▼
(* Let $M\in\mathbb{R}_+^{p\times q}$ be a nonnegative matrix. Then $M$ is a slack matrix of a polyhedral cone if and only if $$\{x^TM : x\in\mathbb{R}_+^p\}=\{x^TM : x\in\mathbb{R}^p\}\cap\mathbb{R}_+^q,$$ i.e., the cone spanned by the rows of $M$ coincides with the set of nonnegative vectors in the row span of $M$.
   Context: $\mathbb{R}_+$ denotes the nonnegative reals. A matrix $S\in\mathbb{R}^{p\times q}$ is a slack matrix of a polyhedral cone $K\subseteq\mathbb{R}^n$ if there are matrices $A\in\mathbb{R}^{p\times n}$ and $B\in\mathbb{R}^{n\times q}$ with $K=\{x\in\mathbb{R}^n: x^TB\ge 0\}=\{y^TA: y\in\mathbb{R}_+^p\}$ (the columns of $B$ give an $\mathcal{H}$-representation and the rows of $A$ a $\mathcal{V}$-representation of $K$) and $S=AB$. A matrix is a slack matrix of a polyhedral cone if it is a slack matrix of some polyhedral cone $K$ (in some $\mathbb{R}^n$). *)

theory Defs
  imports Complex_Main
begin

text \<open>Matrices are represented as functions nat => nat => real, with the
dimensions carried explicitly (only entries with indices below the dimensions
matter).\<close>

definition vecs :: "nat \<Rightarrow> (nat \<Rightarrow> real) set" where
  "vecs m = {x. \<forall>i\<ge>m. x i = 0}"

definition row_comb :: "nat \<Rightarrow> nat \<Rightarrow> (nat \<Rightarrow> nat \<Rightarrow> real) \<Rightarrow> (nat \<Rightarrow> real) \<Rightarrow> (nat \<Rightarrow> real)" where
  "row_comb p m A y = (\<lambda>j. if j < m then (\<Sum>i<p. y i * A i j) else 0)"

definition H_cone :: "nat \<Rightarrow> nat \<Rightarrow> (nat \<Rightarrow> nat \<Rightarrow> real) \<Rightarrow> (nat \<Rightarrow> real) set" where
  "H_cone n q B = {x \<in> vecs n. \<forall>j<q. (\<Sum>i<n. x i * B i j) \<ge> 0}"

definition V_cone :: "nat \<Rightarrow> nat \<Rightarrow> (nat \<Rightarrow> nat \<Rightarrow> real) \<Rightarrow> (nat \<Rightarrow> real) set" where
  "V_cone p n A = {row_comb p n A y | y. \<forall>i<p. y i \<ge> 0}"

definition is_cone_slack_matrix :: "nat \<Rightarrow> nat \<Rightarrow> (nat \<Rightarrow> nat \<Rightarrow> real) \<Rightarrow> bool" where
  "is_cone_slack_matrix p q S \<longleftrightarrow>
     (\<exists>(n::nat) (A::nat \<Rightarrow> nat \<Rightarrow> real) (B::nat \<Rightarrow> nat \<Rightarrow> real) (K::(nat \<Rightarrow> real) set).
        K = H_cone n q B \<and> K = V_cone p n A \<and>
        (\<forall>i<p. \<forall>j<q. S i j = (\<Sum>k<n. A i k * B k j)))"

end

theory Submission
  imports Defs
begin

text \<open>If \<open>M = A B\<close>, then \<open>M\<close> satisfies the condition: a nonnegative vector \<open>x\<^sup>T M\<close> is
\<open>u\<^sup>T B\<close> for \<open>u = x\<^sup>T A\<close>, so \<open>u\<close> lies in the H-cone, hence \<open>u = y\<^sup>T A\<close> with \<open>y \<ge> 0\<close> by the
V-description, and \<open>x\<^sup>T M = y\<^sup>T M\<close>.
Conversely, factor \<open>M = A B\<close> through a basis of its row space, so that the rows of \<open>B\<close>
are linearly independent and are combinations \<open>B = C M\<close> of rows of \<open>M\<close>. The V-cone of \<open>A\<close>
lies in the H-cone of \<open>B\<close> because \<open>M \<ge> 0\<close>. If \<open>x\<^sup>T B \<ge> 0\<close>, then \<open>x\<^sup>T B = (x\<^sup>T C) M\<close> is a
nonnegative vector of the row space of \<open>M\<close>, hence equals \<open>y\<^sup>T M = (y\<^sup>T A) B\<close> for some
\<open>y \<ge> 0\<close>, and independence of the rows of \<open>B\<close> gives \<open>x = y\<^sup>T A\<close>.\<close>

lemma row_comb_in_vecs: "row_comb p m A y \<in> vecs m"
  by (simp add: row_comb_def vecs_def)

lemma row_comb_diff:
  "row_comb p m A (\<lambda>i. x i - y i) = (\<lambda>j. row_comb p m A x j - row_comb p m A y j)"
  by (rule ext) (simp add: row_comb_def left_diff_distrib sum_subtractf)

lemma row_comb_row_comb:
  assumes "\<forall>i<p. \<forall>j<q. M i j = (\<Sum>k<n. A i k * B k j)"
  shows "row_comb n q B (row_comb p n A y) = row_comb p q M y"
proof
  fix j
  show "row_comb n q B (row_comb p n A y) j = row_comb p q M y j"
  proof (cases "j < q")
    case True
    have "(\<Sum>k<n. row_comb p n A y k * B k j) = (\<Sum>k<n. \<Sum>i<p. y i * (A i k * B k j))"
      by (simp add: row_comb_def sum_distrib_right mult.assoc)
    also have "\<dots> = (\<Sum>i<p. \<Sum>k<n. y i * (A i k * B k j))"
      by (rule sum.swap)
    also have "\<dots> = (\<Sum>i<p. y i * M i j)"
      using assms True by (simp add: sum_distrib_left)
    finally show ?thesis
      using True by (simp add: row_comb_def)
  qed (simp add: row_comb_def)
qed

lemma H_cone_eq: "H_cone n q B = {x \<in> vecs n. \<forall>j<q. row_comb n q B x j \<ge> 0}"
  by (simp add: H_cone_def row_comb_def)

lemma inj_on_row_comb_vecs:
  assumes "\<forall>x\<in>vecs n. row_comb n q B x = (\<lambda>_. 0) \<longrightarrow> x = (\<lambda>_. 0)"
  shows "inj_on (row_comb n q B) (vecs n)"
proof (rule inj_onI)
  fix x y assume "x \<in> vecs n" "y \<in> vecs n" "row_comb n q B x = row_comb n q B y"
  then have "(\<lambda>i. x i - y i) \<in> vecs n" "row_comb n q B (\<lambda>i. x i - y i) = (\<lambda>_. 0)"
    by (simp_all add: vecs_def row_comb_diff)
  then have "(\<lambda>i. x i - y i) = (\<lambda>_. 0)"
    using assms by blast
  then show "x = y"
    by (simp add: fun_eq_iff)
qed

text \<open>Induction on the number of rows of \<open>M\<close>: a new row either lies in the row space of
\<open>B\<close> already, or is appended to \<open>B\<close> as a further independent row.\<close>

lemma rank_factorization:
  fixes M :: "nat \<Rightarrow> nat \<Rightarrow> real"
  shows "\<exists>n A B C. (\<forall>i<p. \<forall>j<q. M i j = (\<Sum>k<n. A i k * B k j)) \<and>
     (\<forall>k<n. \<forall>j<q. B k j = (\<Sum>i<p. C k i * M i j)) \<and>
     (\<forall>x\<in>vecs n. row_comb n q B x = (\<lambda>_. 0) \<longrightarrow> x = (\<lambda>_. 0))"
proof (induction p)
  case 0
  show ?case
    by (rule exI[of _ 0]) (auto simp: vecs_def)
next
  case (Suc p)
  then obtain n A B C where
    MAB: "\<forall>i<p. \<forall>j<q. M i j = (\<Sum>k<n. A i k * B k j)" and
    BCM: "\<forall>k<n. \<forall>j<q. B k j = (\<Sum>i<p. C k i * M i j)" and
    indep: "\<forall>x\<in>vecs n. row_comb n q B x = (\<lambda>_. 0) \<longrightarrow> x = (\<lambda>_. 0)"
    by blast
  define C' where "C' = (\<lambda>k i. if k = n then if i = p then 1 else 0
                                  else if i = p then 0 else C k i)"
  have BCM': "\<forall>k<n. \<forall>j<q. B k j = (\<Sum>i<Suc p. C' k i * M i j)"
    using BCM by (simp add: C'_def)
  show ?case
  proof (cases "\<exists>c. \<forall>j<q. M p j = (\<Sum>k<n. c k * B k j)")
    case True
    then obtain c where "\<forall>j<q. M p j = (\<Sum>k<n. c k * B k j)" by blast
    then have "\<forall>i<Suc p. \<forall>j<q. M i j = (\<Sum>k<n. (A(p := c)) i k * B k j)"
      using MAB by (auto simp: less_Suc_eq)
    with BCM' indep show ?thesis
      by (intro exI[of _ n] exI[of _ "A(p := c)"] exI[of _ B] exI[of _ C'] conjI)
  next
    case False
    define A' where "A' = (\<lambda>i k. if k = n then if i = p then 1 else 0
                                  else if i = p then 0 else A i k)"
    define B' where "B' = B(n := M p)"
    have "\<forall>i<Suc p. \<forall>j<q. M i j = (\<Sum>k<Suc n. A' i k * B' k j)"
      using MAB by (auto simp: A'_def B'_def less_Suc_eq)
    moreover have "\<forall>k<Suc n. \<forall>j<q. B' k j = (\<Sum>i<Suc p. C' k i * M i j)"
      using BCM' by (auto simp: B'_def C'_def less_Suc_eq)
    moreover have "\<forall>x\<in>vecs (Suc n). row_comb (Suc n) q B' x = (\<lambda>_. 0) \<longrightarrow> x = (\<lambda>_. 0)"
    proof (intro ballI impI)
      fix x assume x: "x \<in> vecs (Suc n)" and zero: "row_comb (Suc n) q B' x = (\<lambda>_. 0)"
      have sum0: "(\<Sum>k<n. x k * B k j) + x n * M p j = 0" if "j < q" for j
        using fun_cong[OF zero, of j] that by (simp add: row_comb_def B'_def)
      have "x n = 0"
      proof (rule ccontr)
        assume xn: "x n \<noteq> 0"
        have "M p j = (\<Sum>k<n. (- x k / x n) * B k j)" if "j < q" for j
        proof -
          have "M p j = - (\<Sum>k<n. x k * B k j) / x n"
            using sum0[OF that] xn by (simp add: field_simps)
          also have "\<dots> = (\<Sum>k<n. (- x k / x n) * B k j)"
            by (simp add: sum_divide_distrib sum_negf)
          finally show ?thesis .
        qed
        then have "\<exists>c. \<forall>j<q. M p j = (\<Sum>k<n. c k * B k j)"
          by (intro exI[of _ "\<lambda>k. - x k / x n"]) blast
        with False show False ..
      qed
      have "x i = 0" if "n \<le> i" for i
        using that x \<open>x n = 0\<close> by (cases "i = n") (auto simp: vecs_def)
      then have "x \<in> vecs n"
        by (simp add: vecs_def)
      moreover have "row_comb n q B x = (\<lambda>_. 0)"
        using sum0 \<open>x n = 0\<close> by (auto simp: row_comb_def)
      ultimately show "x = (\<lambda>_. 0)"
        using indep by blast
    qed
    ultimately show ?thesis
      by (intro exI[of _ "Suc n"] exI[of _ A'] exI[of _ B'] exI[of _ C'] conjI)
  qed
qed

lemma cone_slack_matrix_nonneg_row_space:
  assumes "is_cone_slack_matrix p q M"
  shows "{row_comb p q M x | x. True} \<inter> {v. \<forall>j<q. v j \<ge> 0}
           \<subseteq> {row_comb p q M x | x. \<forall>i<p. x i \<ge> 0}"
proof
  obtain n A B where HV: "H_cone n q B = V_cone p n A"
    and MAB: "\<forall>i<p. \<forall>j<q. M i j = (\<Sum>k<n. A i k * B k j)"
    using assms unfolding is_cone_slack_matrix_def by blast
  fix v assume "v \<in> {row_comb p q M x | x. True} \<inter> {v. \<forall>j<q. v j \<ge> 0}"
  then obtain x where v: "v = row_comb p q M x" and v_nonneg: "\<forall>j<q. v j \<ge> 0" by blast
  have "row_comb p n A x \<in> H_cone n q B"
    using v v_nonneg by (simp add: H_cone_eq row_comb_in_vecs row_comb_row_comb[OF MAB])
  then obtain y where "row_comb p n A x = row_comb p n A y" and "\<forall>i<p. y i \<ge> 0"
    unfolding HV V_cone_def by blast
  moreover have "v = row_comb n q B (row_comb p n A x)"
    by (simp add: v row_comb_row_comb[OF MAB])
  ultimately show "v \<in> {row_comb p q M x | x. \<forall>i<p. x i \<ge> 0}"
    by (auto simp: row_comb_row_comb[OF MAB])
qed

lemma cone_slack_matrixI:
  assumes M_nonneg: "\<forall>i<p. \<forall>j<q. M i j \<ge> 0"
    and row_space: "{row_comb p q M x | x. True} \<inter> {v. \<forall>j<q. v j \<ge> 0}
                      \<subseteq> {row_comb p q M x | x. \<forall>i<p. x i \<ge> 0}"
  shows "is_cone_slack_matrix p q M"
proof -
  obtain n A B C where
    MAB: "\<forall>i<p. \<forall>j<q. M i j = (\<Sum>k<n. A i k * B k j)" and
    BCM: "\<forall>k<n. \<forall>j<q. B k j = (\<Sum>i<p. C k i * M i j)" and
    indep: "\<forall>x\<in>vecs n. row_comb n q B x = (\<lambda>_. 0) \<longrightarrow> x = (\<lambda>_. 0)"
    using rank_factorization by blast
  have inj: "inj_on (row_comb n q B) (vecs n)"
    using indep by (rule inj_on_row_comb_vecs)
  have "V_cone p n A \<subseteq> H_cone n q B"
  proof
    fix u assume "u \<in> V_cone p n A"
    then obtain y where u: "u = row_comb p n A y" and y: "\<forall>i<p. y i \<ge> 0"
      unfolding V_cone_def by blast
    have "\<forall>j<q. row_comb p q M y j \<ge> 0"
      using M_nonneg y by (auto simp: row_comb_def intro!: sum_nonneg)
    then show "u \<in> H_cone n q B"
      by (simp add: u H_cone_eq row_comb_in_vecs row_comb_row_comb[OF MAB])
  qed
  moreover have "H_cone n q B \<subseteq> V_cone p n A"
  proof
    fix x assume x: "x \<in> H_cone n q B"
    have "row_comb n q B x = row_comb p q M (row_comb n p C x)"
      by (simp add: row_comb_row_comb[OF BCM])
    then have "row_comb n q B x \<in> {row_comb p q M x | x. True} \<inter> {v. \<forall>j<q. v j \<ge> 0}"
      using x by (auto simp: H_cone_eq)
    then obtain y where y: "row_comb n q B x = row_comb p q M y" "\<forall>i<p. y i \<ge> 0"
      using row_space by blast
    then have "row_comb n q B x = row_comb n q B (row_comb p n A y)"
      by (simp add: row_comb_row_comb[OF MAB])
    then have "x = row_comb p n A y"
      using inj x by (auto simp: H_cone_def row_comb_in_vecs dest: inj_onD)
    then show "x \<in> V_cone p n A"
      using y by (auto simp: V_cone_def)
  qed
  ultimately have "H_cone n q B = V_cone p n A" by blast
  with MAB show ?thesis
    unfolding is_cone_slack_matrix_def
    by (intro exI[of _ n] exI[of _ A] exI[of _ B] exI[of _ "H_cone n q B"] conjI refl)
qed

theorem theorem2p1:
  fixes p q :: nat and M :: "nat \<Rightarrow> nat \<Rightarrow> real"
  assumes "\<forall>i<p. \<forall>j<q. M i j \<ge> 0"
  shows "is_cone_slack_matrix p q M \<longleftrightarrow>
         {row_comb p q M x | x. \<forall>i<p. x i \<ge> 0} =
         {row_comb p q M x | x. True} \<inter> {v. \<forall>j<q. v j \<ge> 0}"
proof -
  have cone_sub: "{row_comb p q M x | x. \<forall>i<p. x i \<ge> 0}
          \<subseteq> {row_comb p q M x | x. True} \<inter> {v. \<forall>j<q. v j \<ge> 0}"
    using assms by (auto simp: row_comb_def intro!: sum_nonneg)
  show ?thesis
  proof
    assume "is_cone_slack_matrix p q M"
    then show "{row_comb p q M x | x. \<forall>i<p. x i \<ge> 0} =
               {row_comb p q M x | x. True} \<inter> {v. \<forall>j<q. v j \<ge> 0}"
      by (intro subset_antisym cone_sub cone_slack_matrix_nonneg_row_space)
  next
    assume "{row_comb p q M x | x. \<forall>i<p. x i \<ge> 0} =
            {row_comb p q M x | x. True} \<inter> {v. \<forall>j<q. v j \<ge> 0}"
    then show "is_cone_slack_matrix p q M"
      by (intro cone_slack_matrixI[OF assms]) simp
  qed
qed

end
▲
TASK PROMPT:
Each line in the material with "cases" in it must be reported.

TASK SOLUTION:
  proof (cases "j < q")
  proof (cases "\<exists>c. \<forall>j<q. M p j = (\<Sum>k<n. c k * B k j)")
        using that x \<open>x n = 0\<close> by (cases "i = n") (auto simp: vecs_def)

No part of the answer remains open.